A deal between PDK and AKR was tentatively reached on 9 February 2011. However, some PDK members were reportedly unhappy with Pacolli becoming president, but would rather see acting president Jakup Krasniqi take over in a permanent capacity. On 11 February, this was confirmed and Pacolli was offered the office of Assembly Speaker and Deputy Prime Minister, as well as four ministries for his AKR party, but not the office of President. Reportedly, the coalition will include only PDK, AKR and minority parties, as well as Ukë Rugova's Ibrahim Rugova List, totalling 65 MPs, a majority. According to Koha Ditore, the PDK accepted Pacolli's demands on 13 February.
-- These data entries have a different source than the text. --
(* Let $d\ge3$ and $p\colon S^{d-1}\to(0,\infty)$ Borel measurable with $\int_{S^{d-1}}p\,d\sigma_{d-1}\in(0,\infty)$. Assume there is a Borel set $C$ with $\sigma_{d-1}(C)>0$, $\inf_{x\in C}p(x)>0$ and $\sup_{x\in S^{d-1}}p(x)<\infty$, and set $\beta:=\frac{\inf_{y\in C}p(y)}{\sup_{y\in S^{d-1}}p(y)}$. Then for all $x\in S^{d-1}$ and all Borel $A\subseteq S^{d-1}$, $$\frac1{p(x)}\int_0^{p(x)}\int_{S^{d-2}_x}\int_{L(x,v,t)}\mathbb 1_A(\gamma_{(x,v)}(\theta))\,d\theta\,\mu_x(dv)\,dt\ \ge\ \beta\,\sigma_{d-1}(A\cap C).$$
   Context: $S^{d-1}$ is the unit sphere in $\mathbb R^d$, $\sigma_{d-1}$ its volume measure. For $x\in S^{d-1}$: $S^{d-2}_x:=\{v\in S^{d-1}:\langle v,x\rangle=0\}$ with natural volume measure $\mu_x$ (image of $\sigma_{d-2}$ under a linear isometry of $\mathbb R^{d-1}$ onto $x^\perp$). $\gamma_{(x,v)}(\theta):=\cos(\theta)x+\sin(\theta)v$, and $L(x,v,t):=\{\theta\in[0,2\pi):p(\gamma_{(x,v)}(\theta))>t\}$. *)

theory Defs
  imports "HOL-Analysis.Analysis"
begin

text \<open>Surface (volume) measure on the unit sphere of a Euclidean space 'a of dimension d,
  defined as the cone measure: sigma(A) = d * lebesgue{y. 0 < |y| \<le> 1, y/|y| \<in> A}.\<close>
definition sphere_measure :: "'a::euclidean_space measure" where
  "sphere_measure =
     scale_measure (of_nat DIM('a))
       (distr (restrict_space lborel (cball 0 1 - {0}))
              (restrict_space borel (sphere (0::'a) 1))
              (\<lambda>y. y /\<^sub>R norm y))"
The distribution of ministries reported in the media foresees three ministries for the AKR party, two or three ministries for the ethnic Serb parties and one ministry each for other minorities and Ukë Rugova, with the rest going to Thaçi's PDK. Hashim Thaçi would be nominated for PM, Jakup Krasniqi as Assembly Speaker and Pacolli as president.
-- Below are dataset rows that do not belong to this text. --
(* The class of I$^2$-GNNs can count $3$-paths and $4$-paths at node level: for $L\in\{3,4\}$ and all node-graph pairs $(i_1,G_1),(i_2,G_2)$ with $C(L\text{-path},i_1,G_1)\ne C(L\text{-path},i_2,G_2)$, there exists an I$^2$-GNN whose node representations satisfy $h_{i_1}(G_1)\ne h_{i_2}(G_2)$.
   Context: Graphs are finite, simple, undirected, $G=(V,E)$, possibly carrying node attributes $x_v$ and edge attributes $e_{u,v}$ (a fixed constant when absent). $N(v)$ is the neighbour set of $v$. For $L\ge1$, an $L$-path is a sequence of edges $(v_1,v_2),\dots,(v_L,v_{L+1})$ with $v_1,\dots,v_{L+1}$ pairwise distinct; two paths are identified when their edge sets coincide; $C(L\text{-path},i,G)$ is the number of inequivalent $L$-paths starting from $i$ (i.e. with $v_1=i$). A class $\mathcal F$ of functions on node-graph pairs can count $S$ at node level if for all $(i_1,G_1),(i_2,G_2)$ with $C(S,i_1,G_1)\ne C(S,i_2,G_2)$ there is $f\in\mathcal F$ with $f(i_1,G_1)\ne f(i_2,G_2)$. I$^2$-GNNs. An I$^2$-GNN is specified by an integer $K\ge1$, $T$, arbitrary functions $M_t$ (values in some $\mathbb R^{d_t}$), $U_t$, and arbitrary readouts $R_{\text{edge}},R_{\text{node}}$ on finite multisets. For each root $i\in V$ let $(V_i,E_i)$ be the subgraph of $G$ induced by nodes at shortest-path distance at most $K$ from $i$, and $N_i(k)=\{l\in V_i:(k,l)\in E_i\}$. For each $j\in N(i)$ and $k\in V_i$: $h^{(0)}_{i,j,k}=x_k\oplus\mathbb 1_{k=i}\oplus\mathbb 1_{k=j}$, $h^{(t+1)}_{i,j,k}=U_t\big(h^{(t)}_{i,j,k},\sum_{l\in N_i(k)}M_t(h^{(t)}_{i,j,k},h^{(t)}_{i,j,l},e_{k,l})\big)$; then $h_{i,j}=R_{\text{edge}}(\{\!\{h^{(T)}_{i,j,k}:k\in V_i\}\!\})$ and $h_i=R_{\text{node}}(\{\!\{h_{i,j}:j\in N(i)\}\!\})$. The node-level function computed is $(i,G)\mapsto h_i$; the class of I$^2$-GNNs consists of all such choices. *)

theory Defs
  imports Complex_Main "HOL-Library.Multiset"
begin

text \<open>Node attributes x_v and edge attributes e_{u,v} are real vectors (real lists);
  when absent they are a fixed constant (e.g. the empty list).\<close>

record 'v graph =
  verts :: "'v set"
  adj   :: "'v \<Rightarrow> 'v \<Rightarrow> bool"
  nattr :: "'v \<Rightarrow> real list"
  eattr :: "'v \<Rightarrow> 'v \<Rightarrow> real list"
The coalition agreements, according to the foreign media, foresee that: The PDK will get a deputy prime minister and ten ministries, AKR would get a deputy prime minister and three ministries, the Serb minority party SLS would get the post of another deputy prime minister and three ministries, the Ibrahim Rugova List would get another deputy prime minister and a ministry and the other non-Serbian minorities (working together as the parliamentary group "6 plus") would also get a ministry.

The coalition agreement was finally signed on 20 February 2011 and the distribution of ministries was:
- The AKR will have Muhamet Mustafa as deputy prime minister. Agim Çeku in the Security Force Ministry, Ferid Agani in the Health Ministry and Mimoza Kusari-Lila in the Trade and Industry Ministry.
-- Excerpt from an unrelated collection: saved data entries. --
lemma waiting_time_le_waiting_cost:
  "i < length vs \<Longrightarrow> Max (atime ` set vs) - atime (vs ! i) \<le> waiting_cost atime vs"
  unfolding waiting_cost_def
  by (intro member_le_sum[where f = "\<lambda>i. Max (atime ` set vs) - atime (vs ! i)"])
     (auto simp: atime_le_Max)

lemma waiting_cost_nonneg: "0 \<le> waiting_cost atime vs"
  unfolding waiting_cost_def by (intro sum_nonneg) (simp add: atime_le_Max)

lemma atime_diff_le_waiting_cost:
  assumes "i < length vs" "j < length vs"
  shows "\<bar>atime (vs ! i) - atime (vs ! j)\<bar> \<le> waiting_cost atime vs"
  using atime_le_Max[OF assms(1), of atime] atime_le_Max[OF assms(2), of atime]
    waiting_time_le_waiting_cost[OF assms(1), of atime]
    waiting_time_le_waiting_cost[OF assms(2), of atime]
  by linarith

lemma opt_cost_set_nonneg:
  "H_metric (length vs) \<gamma> dH \<Longrightarrow> 0 \<le> opt_cost_set dH atime pos vs"
  using H_metric_nonneg[of "length vs" \<gamma> dH "map pos vs"] waiting_cost_nonneg[of atime vs]
  by (simp add: opt_cost_set_eq)

lemma opt_cost_pair_le_opt_cost_set:
  assumes H: "H_metric k \<gamma> dH" and len: "length vs = k" and "i < k" "j < k"
  shows "opt_cost_pair k dH atime pos (vs ! i) (vs ! j)
    \<le> 2 * real \<gamma> * opt_cost_set dH atime pos vs"
proof (cases "vs ! i = vs ! j")
  case True
  have "0 \<le> opt_cost_set dH atime pos vs"
    using opt_cost_set_nonneg H len by blast
  then show ?thesis
    using True H_metric_gamma_ge_1[OF H] by (simp add: opt_cost_pair_def)
next
  case False
  let ?W = "waiting_cost atime vs"
  have "induced_metric k dH (pos (vs ! i)) (pos (vs ! j)) \<le> 2 * real \<gamma> * dH (map pos vs)"
    using induced_metric_le_H_metric[OF H] assms by simp
  moreover have "\<bar>atime (vs ! i) - atime (vs ! j)\<bar> \<le> 2 * real \<gamma> * ?W"
  proof -
    have "?W \<le> 2 * real \<gamma> * ?W"
      using waiting_cost_nonneg[of atime vs] H_metric_gamma_ge_1[OF H]
      by (simp add: mult_le_cancel_right1)
    then show ?thesis
      using atime_diff_le_waiting_cost[of i vs j atime] assms by linarith
  qed
  ultimately show ?thesis
    using False by (simp add: opt_cost_pair_def opt_cost_set_eq algebra_simps)
qed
- Independent Liberal Party (SLS) leader Slobodan Petrović will be deputy prime minister and the SLS will get the Local Self-Government Ministry, Communities and Return Ministry and Labor and Social Welfare Ministry.
- The minorities' parties (Turks, Ashkalis and Egyptians) will get the Environment and Spatial Planning Ministry.
The agreement with the Ibrahim Rugova List would be signed later.